The Mistral AI Model, Open Mixtral 8x22B, Performs Nearly as Well as Llama 3

The French start-up Mistral AI returns to the forefront with the publication of its latest open source model Mixtral 8x22B. “It sets a new standard for performance and efficiency within the AI community,” ensures the young growth. Its main advantage: it is an SMoE (sparse Mixture-of-Experts) model which only uses 39 billion active parameters out of 141 billion parameters, thus offering unrivaled profitability for its size.

Other traits include that this great language model is fluent in English, French, Italian, German and Spanish and has strong math and coding skills. Mixtral 8x22B also includes a pop-up window of 64,000 tokens allowing it to process more information, including large documents.
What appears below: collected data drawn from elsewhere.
lemma is_point_of_nat:
  assumes "complex_algebra emb" "is_point emb p"
  shows "p (of_nat N) = of_nat N"
proof (induction N)
  case 0
  show ?case using is_point_zero[OF assms(2)] by simp
next
  case (Suc N)
  have "p 1 = 1"
    using assms unfolding complex_algebra_def is_point_def by metis
  then show ?case
    using Suc assms(2) by (simp add: is_point_def)
qed

lemma irreducible_closed_is_point: "irreducible_closed emb Y \<Longrightarrow> p \<in> Y \<Longrightarrow> is_point emb p"
  by (auto simp: irreducible_closed_def zariski_closed_def)

lemma vanishing_ideal_prime:
  assumes "irreducible_closed emb Y" "x * y \<in> vanishing_ideal Y"
  shows "x \<in> vanishing_ideal Y \<or> y \<in> vanishing_ideal Y"
proof -
  let ?V = "\<lambda>h. {p. is_point emb p \<and> (\<forall>f\<in>{h}. p f = 0)}"
  note points = irreducible_closed_is_point[OF assms(1)]
  have "Y \<subseteq> ?V x \<union> ?V y"
  proof
    fix p assume "p \<in> Y"
    then have "p (x * y) = 0"
      using assms(2) by (simp add: vanishing_ideal_def)
    then have "p x * p y = 0"
      using points[OF \<open>p \<in> Y\<close>] by (simp add: is_point_def)
    then show "p \<in> ?V x \<union> ?V y"
      using points[OF \<open>p \<in> Y\<close>] by auto
  qed
  moreover have "zariski_closed emb (?V x)" "zariski_closed emb (?V y)"
    unfolding zariski_closed_def by blast+
  ultimately have "Y \<subseteq> ?V x \<or> Y \<subseteq> ?V y"
    using assms(1) by (simp add: irreducible_closed_def)
  then show ?thesis
    by (auto simp: vanishing_ideal_def)
qed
Performance that makes Llama 2 70B blush

Mistral AI has chosen to compare its model to those of the Llama 2 family from Meta as well as Command R and Command R+ from Cohere. It appears that Mixtral 8x22B obtains a better performance/cost ratio than Llama 2 70B and Command R+. As for the performance itself, it is clear that Mixtral 8x22B is optimized for reasoning (on the MMLU test) with a score of 77.75% compared to 75.7% for Command R+ and 69.9% for Llama 2 70B.

The template has native multilingual capabilities. It significantly outperforms LLaMA 2 70B on the HellaSwag, Arc Challenge and MMLU tests in French, German, Spanish and Italian. Finally, on tasks related to coding and mathematics, he obtained a score of 88.4% in GSM8K maj@8 (compared to 69.6% for Llama 2 70B) and a score in Math maj@4 of 41.8%. (compared to 13.8% for Llama 2 70B). Small problem however: Meta has just published Llama 3, and announces higher performance than Mixtral 8x22B.

In the generative AI market, there is definitely no time to get bored.

Mistral oscillates between open source and quest for profitability

The startup released Mixtral 8x22B under Apache 2.0, an open source license that allows anyone to use the model anywhere and without restrictions.

In a document presenting the performance of the model, Mistral claims that “Mixtral 8x22B is the natural extension of our family of open models” and describe it as “faster than any dense 70B model, while performing better than any other open model (distributed under permissive or restrictive licenses). The availability of the base model makes it an excellent basis for refining cases of use”, concludes the start-up.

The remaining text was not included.